Rajesh Balamohan commented on TEZ-2186:
---------------------------------------

Yet to reproduce the OOM on my test runs. But with NoOpProcessor (closing the 
input too fast without much operation), seems to throw the following exception 
in Shuffle.shutdown()

This causes thread leaks, as it would not cleanly shutdown fetcher threads, 
refree thread in shuffleScheduler and merger threads.  I can see bunch of these 
threads being alive in the next iteration.

{noformat}
java.util.concurrent.CancellationException
        at java.util.concurrent.FutureTask.report(FutureTask.java:121)
        at java.util.concurrent.FutureTask.get(FutureTask.java:192)
        at 
com.google.common.util.concurrent.Uninterruptibles.getUninterruptibly(Uninterruptibles.java:132)

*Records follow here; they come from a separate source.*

(* Let $(M,g_{\mu\nu})$ be a four-dimensional spacetime, let $T_{\mu\nu}$ be a given stress-energy tensor on $M$, let $\kappa=8\pi G/c^{4}$ and let $\Lambda\in\mathbb{R}$. Suppose $g_{\mu\nu}$ is a solution of Einstein's field equations $$R_{\mu\nu}-\tfrac12 R g_{\mu\nu}+\Lambda g_{\mu\nu}=\kappa T_{\mu\nu}$$ whose Ricci scalar $R=g^{\mu\nu}R_{\mu\nu}$ is equal to a constant $k$, and let $f$ be a differentiable real function. Then: (i) If $f'(k)\neq 0$, then $g_{\mu\nu}$ is a solution of the $f(R)$ field equations $f'(k)R_{\mu\nu}-\tfrac12 f(k)g_{\mu\nu}=\kappa T_{\mu\nu}$ if and only if $$\Big[\big(\tfrac{k}{2}-\Lambda\big)f'(k)-\tfrac12 f(k)\Big]g_{\mu\nu}+\big(f'(k)-1\big)\kappa T_{\mu\nu}=0.$$ (ii) If $f'(k)=0$ and $f(k)\neq \frac{k-4\Lambda}{2}$, then $g_{\mu\nu}$ is not a solution of the $f(R)$ field equations (so, for the given $T_{\mu\nu}$, GR and the $f(R)$ theory have no common solution with constant Ricci scalar $k$). (iii) If $f'(k)=0$ and $f(k)=\frac{k-4\Lambda}{2}$, then $g_{\mu\nu}$ is a solution of the $f(R)$ field equations whenever $g_{\mu\nu}$ has vanishing Ricci tensor or $g_{\mu\nu}$ is a vacuum solution ($T_{\mu\nu}=0$).
   Context: $R_{\mu\nu}$ denotes the Ricci tensor of $g_{\mu\nu}$, $\nabla_\mu$ its Levi-Civita covariant derivative and $\square=g^{\mu\nu}\nabla_\mu\nabla_\nu$. For a differentiable function $f$, the $f(R)$ field equations (obtained by varying $\frac{1}{2\kappa}\int\sqrt{-g}\,f(R)\,d^4x+S_m$) are $$f'(R)R_{\mu\nu}-\tfrac12 f(R)g_{\mu\nu}-\nabla_\mu\nabla_\nu f'(R)+\square f'(R)\,g_{\mu\nu}=\kappa T_{\mu\nu};$$ for a metric whose Ricci scalar is the constant $k$ the derivative terms vanish and these equations reduce to $f'(k)R_{\mu\nu}-\tfrac12 f(k)g_{\mu\nu}=\kappa T_{\mu\nu}$. A vacuum solution is one with $T_{\mu\nu}=0$. *)

theory Defs
  imports "HOL-Analysis.Analysis"
begin

text \<open>Local coordinate model: a spacetime region is an open set U of R^4 (coordinates
  x^0..x^3, index type 4); tensor fields are given by their components.\<close>

type_synonym field2 = "real^4 \<Rightarrow> real^4^4"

        at com.google.common.util.concurrent.Futures$6.run(Futures.java:974)
        at 
com.google.common.util.concurrent.MoreExecutors$SameThreadExecutorService.execute(MoreExecutors.java:253)
        at 
com.google.common.util.concurrent.ExecutionList$RunnableExecutorPair.execute(ExecutionList.java:149)
        at 
com.google.common.util.concurrent.ExecutionList.execute(ExecutionList.java:134)
        at 
com.google.common.util.concurrent.ListenableFutureTask.done(ListenableFutureTask.java:86)

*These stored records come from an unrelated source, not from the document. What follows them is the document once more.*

lemma triangle_integral_cmult:
  assumes [measurable]: "case_prod K \<in> borel_measurable (borel \<Otimes>\<^sub>M borel)"
  shows "triangle_integral (\<lambda>x w. c * K x w) = c * triangle_integral K"
proof -
  define K' where "K' x w = (if 0 < x \<and> x < w \<and> w < 1 then K x w else 0)" for x w
  have [measurable]: "case_prod K' \<in> borel_measurable (borel \<Otimes>\<^sub>M borel)"
    unfolding K'_def by measurable
  have "triangle_integral (\<lambda>x w. c * K x w) = (\<integral>\<^sup>+x. \<integral>\<^sup>+w. c * K' x w \<partial>lborel \<partial>lborel)"
    unfolding triangle_integral_def K'_def by (intro nn_integral_cong) simp
  also have "\<dots> = (\<integral>\<^sup>+x. c * (\<integral>\<^sup>+w. K' x w \<partial>lborel) \<partial>lborel)"
    by (intro nn_integral_cong nn_integral_cmult) measurable
  also have "\<dots> = c * triangle_integral K"
    unfolding triangle_integral_def K'_def[symmetric] by (intro nn_integral_cmult) measurable
  finally show ?thesis .
qed

lemma triangle_integral_shear:
  assumes [measurable]: "case_prod K \<in> borel_measurable (borel \<Otimes>\<^sub>M borel)"
  shows "triangle_integral K = triangle_integral (\<lambda>x w. K (1 - w) (1 - w + x))"
proof -
  define K' where "K' a b = (if 0 < a \<and> a < b \<and> b < 1 then K a b else 0)" for a b
  have [measurable]: "case_prod K' \<in> borel_measurable (borel \<Otimes>\<^sub>M borel)"
    unfolding K'_def by measurable
  have "triangle_integral K = (\<integral>\<^sup>+a. \<integral>\<^sup>+x. K' a (a + x) \<partial>lborel \<partial>lborel)"
    unfolding triangle_integral_def K'_def[symmetric]
    using nn_integral_real_affine[where c=1 and f="K' a" and t=a for a] by simp
  also have "\<dots> = (\<integral>\<^sup>+w. \<integral>\<^sup>+x. K' (1 - w) (1 - w + x) \<partial>lborel \<partial>lborel)"
    using nn_integral_real_affine[where c="-1" and t=1 and f="\<lambda>a. \<integral>\<^sup>+x. K' a (a + x) \<partial>lborel"]
    by simp
  also have "\<dots> = (\<integral>\<^sup>+x. \<integral>\<^sup>+w. K' (1 - w) (1 - w + x) \<partial>lborel \<partial>lborel)"
    by (rule lborel_pair.Fubini') measurable
  also have "\<dots> = triangle_integral (\<lambda>x w. K (1 - w) (1 - w + x))"
    unfolding triangle_integral_def K'_def by (intro nn_integral_cong) auto
  finally show ?thesis .
qed

lemma triangle_integral_reflect:
  assumes [measurable]: "case_prod K \<in> borel_measurable (borel \<Otimes>\<^sub>M borel)"
  shows "triangle_integral K = triangle_integral (\<lambda>x w. K (1 - w) (1 - x))"
proof -
  define K' where "K' a b = (if 0 < a \<and> a < b \<and> b < 1 then K a b else 0)" for a b
  have [measurable]: "case_prod K' \<in> borel_measurable (borel \<Otimes>\<^sub>M borel)"
    unfolding K'_def by measurable
  have "triangle_integral K = (\<integral>\<^sup>+b. \<integral>\<^sup>+a. K' a b \<partial>lborel \<partial>lborel)"
    unfolding triangle_integral_def K'_def[symmetric]
    by (rule lborel_pair.Fubini'[symmetric]) measurable
  also have "\<dots> = (\<integral>\<^sup>+b. \<integral>\<^sup>+w. K' (1 - w) b \<partial>lborel \<partial>lborel)"
    using nn_integral_real_affine[where c="-1" and f="\<lambda>a. K' a b" and t=1 for b] by simp
  also have "\<dots> = (\<integral>\<^sup>+x. \<integral>\<^sup>+w. K' (1 - w) (1 - x) \<partial>lborel \<partial>lborel)"
    using nn_integral_real_affine[where c="-1" and t=1 and f="\<lambda>b. \<integral>\<^sup>+w. K' (1 - w) b \<partial>lborel"]
    by simp
  also have "\<dots> = triangle_integral (\<lambda>x w. K (1 - w) (1 - x))"
    unfolding triangle_integral_def K'_def by (intro nn_integral_cong) auto
  finally show ?thesis .
qed

lemma nn_integral_unif01_min_max:
  assumes [measurable]: "case_prod F \<in> borel_measurable (borel \<Otimes>\<^sub>M borel)"
  shows "(\<integral>\<^sup>+x. \<integral>\<^sup>+y. F (min x y) (max x y) \<partial>unif01 \<partial>unif01) = 2 * triangle_integral F"
proof -
  interpret U: prob_space unif01 by (rule prob_space_unif01)
  define H where "H a b = (if 0 < a \<and> a < b \<and> b < 1 then F a b else 0)" for a b
  have [measurable]: "case_prod H \<in> borel_measurable (borel \<Otimes>\<^sub>M borel)"
    unfolding H_def by measurable
  have inner: "(\<integral>\<^sup>+y. F (min x y) (max x y) \<partial>unif01) = (\<integral>\<^sup>+y. H x y + H y x \<partial>lborel)"
    if x: "0 < x" "x < 1" for x
  proof -
    have "(\<integral>\<^sup>+y. F (min x y) (max x y) \<partial>unif01)
        = (\<integral>\<^sup>+y. F (min x y) (max x y) * indicator {0<..<1} y \<partial>lborel)"
      by (rule nn_integral_unif01) measurable
    also have "\<dots> = (\<integral>\<^sup>+y. H x y + H y x \<partial>lborel)"
      using AE_lborel_singleton[of x]
      by (intro nn_integral_cong_AE, eventually_elim)
         (use x in \<open>auto simp: H_def indicator_def min_def max_def\<close>)
    finally show ?thesis .
  qed
  have "(\<integral>\<^sup>+x. \<integral>\<^sup>+y. F (min x y) (max x y) \<partial>unif01 \<partial>unif01)
      = (\<integral>\<^sup>+x. (\<integral>\<^sup>+y. F (min x y) (max x y) \<partial>unif01) * indicator {0<..<1} x \<partial>lborel)"
    by (rule nn_integral_unif01) measurable
  also have "\<dots> = (\<integral>\<^sup>+x. \<integral>\<^sup>+y. H x y + H y x \<partial>lborel \<partial>lborel)"
  proof -
    have "H x y + H y x = 0" if "\<not> (0 < x \<and> x < 1)" for x y
      using that by (auto simp: H_def)
    then show ?thesis
      by (intro nn_integral_cong) (auto simp: inner indicator_def)
  qed
  also have "\<dots> = (\<integral>\<^sup>+x. \<integral>\<^sup>+y. H x y \<partial>lborel \<partial>lborel) + (\<integral>\<^sup>+x. \<integral>\<^sup>+y. H y x \<partial>lborel \<partial>lborel)"
    by (subst nn_integral_add[symmetric]; (intro nn_integral_cong nn_integral_add)?) measurable
  also have "(\<integral>\<^sup>+x. \<integral>\<^sup>+y. H y x \<partial>lborel \<partial>lborel) = (\<integral>\<^sup>+y. \<integral>\<^sup>+x. H y x \<partial>lborel \<partial>lborel)"
    by (rule lborel_pair.Fubini') measurable
  finally show ?thesis
    unfolding triangle_integral_def H_def[symmetric] by (simp add: mult_2)
qed

lemma nn_integral_XW_law:
  assumes [measurable]: "f \<in> borel_measurable (borel \<Otimes>\<^sub>M borel)"
  shows "(\<integral>\<^sup>+q. f q \<partial>XW_law) = triangle_integral (\<lambda>x w. ennreal (6 * x) * f (x, w))"
proof -
  have "(\<integral>\<^sup>+q. f q \<partial>XW_law)
      = (\<integral>\<^sup>+q. ennreal (if 0 < fst q \<and> fst q < snd q \<and> snd q < 1 then 6 * fst q else 0) * f q
           \<partial>(lborel \<Otimes>\<^sub>M lborel))"
    unfolding XW_law_def by (subst nn_integral_density) (auto simp: case_prod_beta)
  also have "\<dots> = (\<integral>\<^sup>+x. \<integral>\<^sup>+w. ennreal (if 0 < x \<and> x < w \<and> w < 1 then 6 * x else 0) * f (x, w)
           \<partial>lborel \<partial>lborel)"
  proof -
    have "(\<lambda>q. ennreal (if 0 < fst q \<and> fst q < snd q \<and> snd q < 1 then 6 * fst q else 0) * f q)
        \<in> borel_measurable (lborel \<Otimes>\<^sub>M lborel)"
      by measurable
    from lborel.nn_integral_fst[OF this, symmetric] show ?thesis
      by (simp only: fst_conv snd_conv)
  qed
  also have "\<dots> = triangle_integral (\<lambda>x w. ennreal (6 * x) * f (x, w))"
    unfolding triangle_integral_def by (intro nn_integral_cong) simp
  finally show ?thesis .
qed

definition piece_length :: "real \<Rightarrow> real \<Rightarrow> real \<Rightarrow> real" where
  "piece_length a b v =
     (if v < a then a else if a < v \<and> v < b then b - a else if b < v then 1 - b else 0)"

lemma nn_integral_unif01_piece_length:
  fixes f :: "real \<Rightarrow> ennreal"
  assumes "0 \<le> a" "a \<le> b" "b \<le> 1"
  shows "(\<integral>\<^sup>+v. f (piece_length a b v) \<partial>unif01)
       = ennreal a * f a + ennreal (b - a) * f (b - a) + ennreal (1 - b) * f (1 - b)"
proof -
  have "(\<integral>\<^sup>+v. f (piece_length a b v) \<partial>unif01)
      = (\<integral>\<^sup>+v. f a * indicator {0<..<a} v + f (b - a) * indicator {a<..<b} v
               + f (1 - b) * indicator {b<..<1} v \<partial>lborel)"
  proof -
    have "(\<lambda>v. f (piece_length a b v)) \<in> borel_measurable borel"
      unfolding piece_length_def by (simp only: if_distrib[of f]) measurable
    moreover have "AE v in lborel. f (piece_length a b v) * indicator {0<..<1} v
        = f a * indicator {0<..<a} v + f (b - a) * indicator {a<..<b} v + f (1 - b) * indicator {b<..<1} v"
      using AE_lborel_singleton[of a] AE_lborel_singleton[of b]
      by eventually_elim (use assms in \<open>auto simp: piece_length_def indicator_def\<close>)
    ultimately show ?thesis
      by (simp add: nn_integral_unif01 cong: nn_integral_cong_AE)
  qed
  also have "\<dots> = ennreal a * f a + ennreal (b - a) * f (b - a) + ennreal (1 - b) * f (1 - b)"
    using assms by (simp add: nn_integral_add nn_integral_cmult_indicator mult.commute)
  finally show ?thesis .
qed

lemma emeasure_distr_eq_nn_integral:
  assumes "f \<in> measurable M N" "A \<in> sets N"
  shows "emeasure (distr M N f) A = (\<integral>\<^sup>+x. indicator A (f x) \<partial>M)"
  using assms by (simp add: nn_integral_distr[symmetric])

        at java.util.concurrent.FutureTask.finishCompletion(FutureTask.java:384)
        at java.util.concurrent.FutureTask.cancel(FutureTask.java:180)
        at 
org.apache.tez.runtime.library.common.shuffle.orderedgrouped.Shuffle.shutdown(Shuffle.java:323)
        at 
org.apache.tez.runtime.library.input.OrderedGroupedKVInput.close(OrderedGroupedKVInput.java:186)
        at 
org.apache.tez.runtime.LogicalIOProcessorRuntimeTask.close(LogicalIOProcessorRuntimeTask.java:345)
        at 
org.apache.tez.runtime.task.TezTaskRunner$TaskRunnerCallable$1.run(TezTaskRunner.java:181)
        at 
org.apache.tez.runtime.task.TezTaskRunner$TaskRunnerCallable$1.run(TezTaskRunner.java:171)
        at java.security.AccessController.doPrivileged(Native Method)

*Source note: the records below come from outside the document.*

(* Let $k$ be a positive integer. (a) For the Petersen graph $\mathcal{P}$, $\dim_{k,f}(\mathcal{P})=\frac{5}{3}$. (b) For $n \ge 3$, $\dim_{k,f}(C_n+K_1)=2$ if $n \in \{3,4\}$, $\dim_{k,f}(C_n+K_1)=\frac{3}{2}$ if $n=5$, and $\dim_{k,f}(C_n+K_1)=\frac{n}{4}$ if $n\ge 6$. (c) For $m \ge 2$, let $G=K_{a_1, a_2, \ldots, a_m}$ be a complete $m$-partite graph of order $n=\sum_{i=1}^{m}a_i$, and let $s$ be the number of partite sets of $G$ consisting of exactly one element. Then $\dim_{k,f}(G)=\frac{n-1}{2}$ if $s=1$, and $\dim_{k,f}(G)=\frac{n}{2}$ otherwise.
   Context: $C_n$ is the cycle on $n$ vertices, $K_1$ a single vertex, and $G+H$ denotes the join (disjoint union plus all edges between the two graphs). $d(x,y)$ is the distance in $G$. For a positive integer $k$, $d_k(x,y)=\min\{d(x,y),k+1\}$ and $R_k\{x,y\}=\{z\in V(G): d_k(x,z)\neq d_k(y,z)\}$. For a function $g$ on $V(G)$ and $U\subseteq V(G)$, $g(U)=\sum_{s\in U}g(s)$. A function $h:V(G)\to[0,1]$ is a $k$-truncated resolving function of $G$ if $h(R_k\{x,y\})\ge 1$ for all distinct $x,y\in V(G)$; $\dim_{k,f}(G)$ is the minimum of $h(V(G))$ over all such $h$. *)

theory Defs
  imports "HOL-Analysis.Analysis"
begin

text \<open>A graph is given by a vertex set V and a symmetric irreflexive adjacency
relation E (only its restriction to V matters).\<close>

fun walkn :: "'a set \<Rightarrow> ('a \<Rightarrow> 'a \<Rightarrow> bool) \<Rightarrow> nat \<Rightarrow> 'a \<Rightarrow> 'a \<Rightarrow> bool" where
  "walkn V E 0 x y = (x = y \<and> x \<in> V)"
| "walkn V E (Suc n) x y = (x \<in> V \<and> (\<exists>z\<in>V. E x z \<and> walkn V E n z y))"

definition gdist :: "'a set \<Rightarrow> ('a \<Rightarrow> 'a \<Rightarrow> bool) \<Rightarrow> 'a \<Rightarrow> 'a \<Rightarrow> enat" where
  "gdist V E x y = (if \<exists>n. walkn V E n x y then enat (LEAST n. walkn V E n x y) else \<infinity>)"

definition tdist :: "nat \<Rightarrow> 'a set \<Rightarrow> ('a \<Rightarrow> 'a \<Rightarrow> bool) \<Rightarrow> 'a \<Rightarrow> 'a \<Rightarrow> enat" where
  "tdist k V E x y = min (gdist V E x y) (enat (k + 1))"

definition Rk :: "nat \<Rightarrow> 'a set \<Rightarrow> ('a \<Rightarrow> 'a \<Rightarrow> bool) \<Rightarrow> 'a \<Rightarrow> 'a \<Rightarrow> 'a set" where
  "Rk k V E x y = {z \<in> V. tdist k V E x z \<noteq> tdist k V E y z}"

definition trunc_resolving_fn :: "nat \<Rightarrow> 'a set \<Rightarrow> ('a \<Rightarrow> 'a \<Rightarrow> bool) \<Rightarrow> ('a \<Rightarrow> real) \<Rightarrow> bool" where
  "trunc_resolving_fn k V E h \<longleftrightarrow>
     (\<forall>v\<in>V. 0 \<le> h v \<and> h v \<le> 1) \<and>
     (\<forall>x\<in>V. \<forall>y\<in>V. x \<noteq> y \<longrightarrow> sum h (Rk k V E x y) \<ge> 1)"

definition frac_tdim :: "nat \<Rightarrow> 'a set \<Rightarrow> ('a \<Rightarrow> 'a \<Rightarrow> bool) \<Rightarrow> real" where
  "frac_tdim k V E = Inf {sum h V | h. trunc_resolving_fn k V E h}"

text \<open>Petersen graph as the Kneser graph K(5,2).\<close>
definition petersen_V :: "nat set set" where
  "petersen_V = {S. S \<subseteq> {0..<5} \<and> card S = 2}"
definition petersen_E :: "nat set \<Rightarrow> nat set \<Rightarrow> bool" where
  "petersen_E S T \<longleftrightarrow> S \<in> petersen_V \<and> T \<in> petersen_V \<and> S \<inter> T = {}"

text \<open>Wheel C_n + K_1: cycle on 0..n-1, hub vertex n.\<close>
definition wheel_V :: "nat \<Rightarrow> nat set" where
  "wheel_V n = {0..n}"
definition wheel_E :: "nat \<Rightarrow> nat \<Rightarrow> nat \<Rightarrow> bool" where
  "wheel_E n i j \<longleftrightarrow>
     (i < n \<and> j < n \<and> (j = (i + 1) mod n \<or> i = (j + 1) mod n) \<and> i \<noteq> j)
   \<or> (i = n \<and> j < n) \<or> (j = n \<and> i < n)"

text \<open>Complete m-partite graph K_{a_0,...,a_{m-1}}: vertex (i,j) is the j-th vertex of part i.\<close>
definition cmp_V :: "nat \<Rightarrow> (nat \<Rightarrow> nat) \<Rightarrow> (nat \<times> nat) set" where
  "cmp_V m a = {(i, j). i < m \<and> j < a i}"
definition cmp_E :: "nat \<Rightarrow> (nat \<Rightarrow> nat) \<Rightarrow> nat \<times> nat \<Rightarrow> nat \<times> nat \<Rightarrow> bool" where
  "cmp_E m a u v \<longleftrightarrow> u \<in> cmp_V m a \<and> v \<in> cmp_V m a \<and> fst u \<noteq> fst v"

end

theory Submission
  imports Defs
begin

        at javax.security.auth.Subject.doAs(Subject.java:422)
        at 
org.apache.hadoop.security.UserGroupInformation.doAs(UserGroupInformation.java:1657)
        at 
org.apache.tez.runtime.task.TezTaskRunner$TaskRunnerCallable.callInternal(TezTaskRunner.java:171)
        at 
org.apache.tez.runtime.task.TezTaskRunner$TaskRunnerCallable.callInternal(TezTaskRunner.java:167)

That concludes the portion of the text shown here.